Мачеха питает кровосмесительную страсть к пасынку. Казалось бы, «инцест матери с сыном» (Парамонов)? Мачеха в поэме – образ страстной, плотской любви, Царевич – образ пленного духа. Земная страсть – мачеха духу (Царевичу), которой он пасынок, то есть неродной сын («Не мать, а мачеха любовь»). И Мачехе, и Царь-Девице Царевич нужен, чтобы через него петь. Царевич – инструмент в страстных или бесстрастных, земных или небесных руках. Дух-инструмент.

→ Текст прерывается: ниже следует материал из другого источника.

lemma compatible_filtrations_iff_H_separating:
  fixes A :: "('a, 'c) monoid_scheme" and B :: "('b, 'd) monoid_scheme"
  assumes "group A" "group B" "subgroup H A" "subgroup K B"
    and "\<phi> \<in> iso (A\<lparr>carrier := H\<rparr>) (B\<lparr>carrier := K\<rparr>)"
  shows "(\<exists>(\<Lambda> :: ('a set \<times> 'b set) set) FA FB.
            H_filtration A H \<Lambda> FA \<and> H_filtration B K \<Lambda> FB \<and> compatible A B H K \<phi> \<Lambda> FA FB)
    \<longleftrightarrow> H_separating A H (fst ` compatible_pairs A B H \<phi>)
        \<and> H_separating B K (snd ` compatible_pairs A B H \<phi>)"
  (is "?filtrations \<longleftrightarrow> ?separating")
proof
  assume ?filtrations
  then obtain \<Lambda> :: "('a set \<times> 'b set) set" and FA FB where
    "H_filtration A H \<Lambda> FA" "H_filtration B K \<Lambda> FB" and compatible: "compatible A B H K \<phi> \<Lambda> FA FB"
    by blast
  then have normal: "\<forall>l\<in>\<Lambda>. FA l \<lhd> A \<and> finite (rcosets\<^bsub>A\<^esub> (FA l)) \<and> FB l \<lhd> B \<and> finite (rcosets\<^bsub>B\<^esub> (FB l))"
    and "H_separating A H (FA ` \<Lambda>)" "H_separating B K (FB ` \<Lambda>)"
    by (simp_all add: H_filtration_iff_H_separating assms(1-4))
  moreover have "\<forall>l\<in>\<Lambda>. (FA l, FB l) \<in> compatible_pairs A B H \<phi>"
    using normal compatible compatible_iff_subgroups_correspond[OF assms, of \<Lambda> FA FB]
    by (simp add: compatible_pairs_def)
  then have "FA ` \<Lambda> \<subseteq> fst ` compatible_pairs A B H \<phi>" "FB ` \<Lambda> \<subseteq> snd ` compatible_pairs A B H \<phi>"
    by force+
  ultimately show ?separating
    by (blast intro: H_separating_mono)
next
  assume ?separating
  then have "H_filtration A H (compatible_pairs A B H \<phi>) fst"
    and "H_filtration B K (compatible_pairs A B H \<phi>) snd"
    by (auto simp: H_filtration_iff_H_separating assms(1-4) compatible_pairs_def)
  moreover have "compatible A B H K \<phi> (compatible_pairs A B H \<phi>) fst snd"
    by (auto simp: compatible_iff_subgroups_correspond[OF assms] compatible_pairs_def)
  ultimately show ?filtrations
    by blast
qed

lemma carrier_pair_in_compatible_pairs:
  assumes "group A" "group B" "subgroup H A" "\<phi> ` H \<subseteq> carrier B"
  shows "(carrier A, carrier B) \<in> compatible_pairs A B H \<phi>"
  using assms subgroup.mem_carrier
  by (auto simp: compatible_pairs_def group.normal_carrier group.finite_rcosets_carrier)

lemma compatible_pairs_inf_closed:
  assumes "group A" "group B" "p \<in> compatible_pairs A B H \<phi>" "q \<in> compatible_pairs A B H \<phi>"
  shows "inf p q \<in> compatible_pairs A B H \<phi>"
proof -
  obtain N M N' M' where "p = (N, M)" "q = (N', M')"
    by fastforce
  then show ?thesis
    using assms(3,4)
    by (auto simp: compatible_pairs_def intro!: assms(1,2) group.normal_subgroup_intersect
        group.finite_rcosets_Int normal_imp_subgroup)
qed

section \<open>Separating finitely many elements\<close>

definition separates :: "('a, 'c) monoid_scheme \<Rightarrow> 'a set \<Rightarrow> 'a list \<Rightarrow> 'a list \<Rightarrow> 'a set \<Rightarrow> bool"
  where
  "separates G H xs hs N \<longleftrightarrow>
     (\<forall>x\<in>set xs. x \<notin> H <#>\<^bsub>G\<^esub> N) \<and> (\<forall>x\<in>set hs. \<forall>y\<in>set hs. x \<noteq> y \<longrightarrow> x \<otimes>\<^bsub>G\<^esub> inv\<^bsub>G\<^esub> y \<notin> N)"

lemma (in group_hom) separates_kernel_iff:
  assumes "subgroup S G" "set xs \<subseteq> carrier G" "set hs \<subseteq> carrier G"
  shows "separates G S xs hs (kernel G H h) \<longleftrightarrow>
    (\<forall>x\<in>set xs. h x \<notin> h ` S) \<and> (\<forall>x\<in>set hs. \<forall>y\<in>set hs. x \<noteq> y \<longrightarrow> h x \<noteq> h y)"
  using assms(2,3) by (auto simp: separates_def subset_iff hom_in_image_iff[OF assms(1)] hom_eq_iff_kernel)

lemma (in normal) quotient_map_separates:
  assumes "finite (rcosets H)" "subgroup S G" "set xs \<subseteq> carrier G" "set hs \<subseteq> carrier G"
    and "separates G S xs hs H"
  shows "group (G Mod H)" "finite (carrier (G Mod H))"
    "(\<lambda>a. H #> a) \<in> hom G (G Mod H)" "(\<lambda>a. H #> a) ` carrier G = carrier (G Mod H)"
    "\<forall>x\<in>set xs. H #> x \<notin> (\<lambda>a. H #> a) ` S"
    "\<forall>x\<in>set hs. \<forall>y\<in>set hs. x \<noteq> y \<longrightarrow> H #> x \<noteq> H #> y"
proof -
  show "group (G Mod H)" "(\<lambda>a. H #> a) \<in> hom G (G Mod H)"
    by (simp_all add: factorgroup_is_group r_coset_hom_Mod)
  show "finite (carrier (G Mod H))"
    using assms(1) by (simp add: FactGroup_def)
  show "(\<lambda>a. H #> a) ` carrier G = carrier (G Mod H)"
    by (simp add: carrier_FactGroup)
  show "\<forall>x\<in>set xs. H #> x \<notin> (\<lambda>a. H #> a) ` S"
    "\<forall>x\<in>set hs. \<forall>y\<in>set hs. x \<noteq> y \<longrightarrow> H #> x \<noteq> H #> y"
    using assms(5) group_hom.separates_kernel_iff[OF r_coset_group_hom_Mod assms(2-4)]
    by (simp_all add: kernel_r_coset_Mod)
qed

lemma finite_quotients_iff_compatible_pair:
  fixes A :: "('a, 'c) monoid_scheme" and B :: "('b, 'd) monoid_scheme"
  assumes "group A" "group B" "subgroup H A" "subgroup K B"
    and "\<phi> \<in> iso (A\<lparr>carrier := H\<rparr>) (B\<lparr>carrier := K\<rparr>)"
    and "set as \<subseteq> carrier A" "set hs \<subseteq> carrier A" "set bs \<subseteq> carrier B" "set ks \<subseteq> carrier B"
  shows "(\<exists>(GA :: 'a set monoid) (GB :: 'b set monoid) fA fB.
           group GA \<and> group GB \<and> finite (carrier GA) \<and> finite (carrier GB)
           \<and> fA \<in> hom A GA \<and> fA ` carrier A = carrier GA
           \<and> fB \<in> hom B GB \<and> fB ` carrier B = carrier GB
           \<and> (\<exists>\<psi>. \<psi> \<in> iso (GA\<lparr>carrier := fA ` H\<rparr>) (GB\<lparr>carrier := fB ` K\<rparr>)
                 \<and> (\<forall>h\<in>H. \<psi> (fA h) = fB (\<phi> h)))
           \<and> (\<forall>a\<in>set as. fA a \<notin> fA ` H)
           \<and> (\<forall>b\<in>set bs. fB b \<notin> fB ` K)
           \<and> (\<forall>x\<in>set hs. \<forall>y\<in>set hs. x \<noteq> y \<longrightarrow> fA x \<noteq> fA y)
           \<and> (\<forall>x\<in>set ks. \<forall>y\<in>set ks. x \<noteq> y \<longrightarrow> fB x \<noteq> fB y))
    \<longleftrightarrow> (\<exists>(N, M)\<in>compatible_pairs A B H \<phi>. separates A H as hs N \<and> separates B K bs ks M)"
  (is "?quotients \<longleftrightarrow> ?pair")
proof
  assume ?quotients
  then obtain GA :: "'a set monoid" and GB :: "'b set monoid" and fA fB \<psi> where
    "group GA" "group GB" and finite: "finite (carrier GA)" "finite (carrier GB)"
    and "fA \<in> hom A GA" and onto_A: "fA ` carrier A = carrier GA"
    and "fB \<in> hom B GB" and onto_B: "fB ` carrier B = carrier GB"
    and "\<psi> \<in> iso (GA\<lparr>carrier := fA ` H\<rparr>) (GB\<lparr>carrier := fB ` K\<rparr>)" "\<forall>h\<in>H. \<psi> (fA h) = fB (\<phi> h)"
    and separation: "\<forall>a\<in>set as. fA a \<notin> fA ` H" "\<forall>b\<in>set bs. fB b \<notin> fB ` K"
      "\<forall>x\<in>set hs. \<forall>y\<in>set hs. x \<noteq> y \<longrightarrow> fA x \<noteq> fA y"
      "\<forall>x\<in>set ks. \<forall>y\<in>set ks. x \<noteq> y \<longrightarrow> fB x \<noteq> fB y"
    by auto
  then have fA: "group_hom A GA fA" and fB: "group_hom B GB fB"
    using assms(1,2) by (simp_all add: group_hom_def group_hom_axioms_def)
  have "(kernel A GA fA, kernel B GB fB) \<in> compatible_pairs A B H \<phi>"
    using group_hom.normal_kernel[OF fA] group_hom.normal_kernel[OF fB]
      group_hom.finite_rcosets_kernel[OF fA onto_A finite(1)]
      group_hom.finite_rcosets_kernel[OF fB onto_B finite(2)]
      induced_iso_iff_kernels_correspond[OF fA fB assms(3-5)] \<open>\<psi> \<in> _\<close> \<open>\<forall>h\<in>H. _\<close>
    unfolding compatible_pairs_def by blast
  moreover have "separates A H as hs (kernel A GA fA)" "separates B K bs ks (kernel B GB fB)"
    using separation group_hom.separates_kernel_iff[OF fA assms(3,6,7)]
      group_hom.separates_kernel_iff[OF fB assms(4,8,9)] by simp_all
  ultimately show ?pair
    by blast
next
  assume ?pair
  then obtain N M where "(N, M) \<in> compatible_pairs A B H \<phi>"
    and separation: "separates A H as hs N" "separates B K bs ks M"
    by blast
  then have N: "N \<lhd> A" "finite (rcosets\<^bsub>A\<^esub> N)" and M: "M \<lhd> B" "finite (rcosets\<^bsub>B\<^esub> M)"
    and correspond: "\<forall>h\<in>H. h \<in> N \<longleftrightarrow> \<phi> h \<in> M"
    by (simp_all add: compatible_pairs_def)
  have "\<exists>\<psi>. \<psi> \<in> iso ((A Mod N)\<lparr>carrier := (\<lambda>a. N #>\<^bsub>A\<^esub> a) ` H\<rparr>) ((B Mod M)\<lparr>carrier := (\<lambda>b. M #>\<^bsub>B\<^esub> b) ` K\<rparr>)
      \<and> (\<forall>h\<in>H. \<psi> (N #>\<^bsub>A\<^esub> h) = M #>\<^bsub>B\<^esub> \<phi> h)"
    using induced_iso_iff_kernels_correspond[OF normal.r_coset_group_hom_Mod[OF N(1)]
        normal.r_coset_group_hom_Mod[OF M(1)] assms(3-5)] correspond
    by (simp add: normal.kernel_r_coset_Mod[OF N(1)] normal.kernel_r_coset_Mod[OF M(1)])
  moreover note normal.quotient_map_separates[OF N assms(3,6,7) separation(1)]
    normal.quotient_map_separates[OF M assms(4,8,9) separation(2)]
  ultimately show ?quotients
    by (intro exI[where x = "A Mod N"] exI[where x = "B Mod M"]
        exI[where x = "\<lambda>a. N #>\<^bsub>A\<^esub> a"] exI[where x = "\<lambda>b. M #>\<^bsub>B\<^esub> b"] conjI) simp_all
qed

С мачехой-страстью Царевич-дух встречается ночью. Царь-Девица является ему в дневных снах. Земная жизнь, для Цветаевой, – сон духа, от которого проснуться можно только в смерти.
Лирика Мачехи – на крови. Кровосмешение – борьба страсти и духа, спор голосов внутри Цветаевой, заканчивающийся песней. Проверка левогрудого грома лбом. Недаром в покоях Мачехи шпарят на гребенках «Комаринскую». «Комаринская» – от «комар». Царь (тело) назван народом (душой) «кровососом. Царь жизни сосет с вином лирики кровь чувств до тех пор, пока «народ» не взрывается бунтом, пока душа не освобождается из-под власти тела.
Лирика Царевича свободна от крови. «…Спящая кровь – моя» – называет его Царь-Девица (сама лишь на время перешедшая «в иную веру», сменившая свои небесные моря на винное лирическое царство). В нем спит пол, кровь спит, он Дева-Царь, антипод Царь-Девицы и ее двойник, ее пара. В этом имени – единство женского и мужского, замкнутость круга. Царевич – родственник цветаевским девственникам: Георгию, принцу Гамлету, Ипполиту. Родственник самой Цветаевой («Я стала Орлеанской Девой»). Царевич – девственная чистота духа.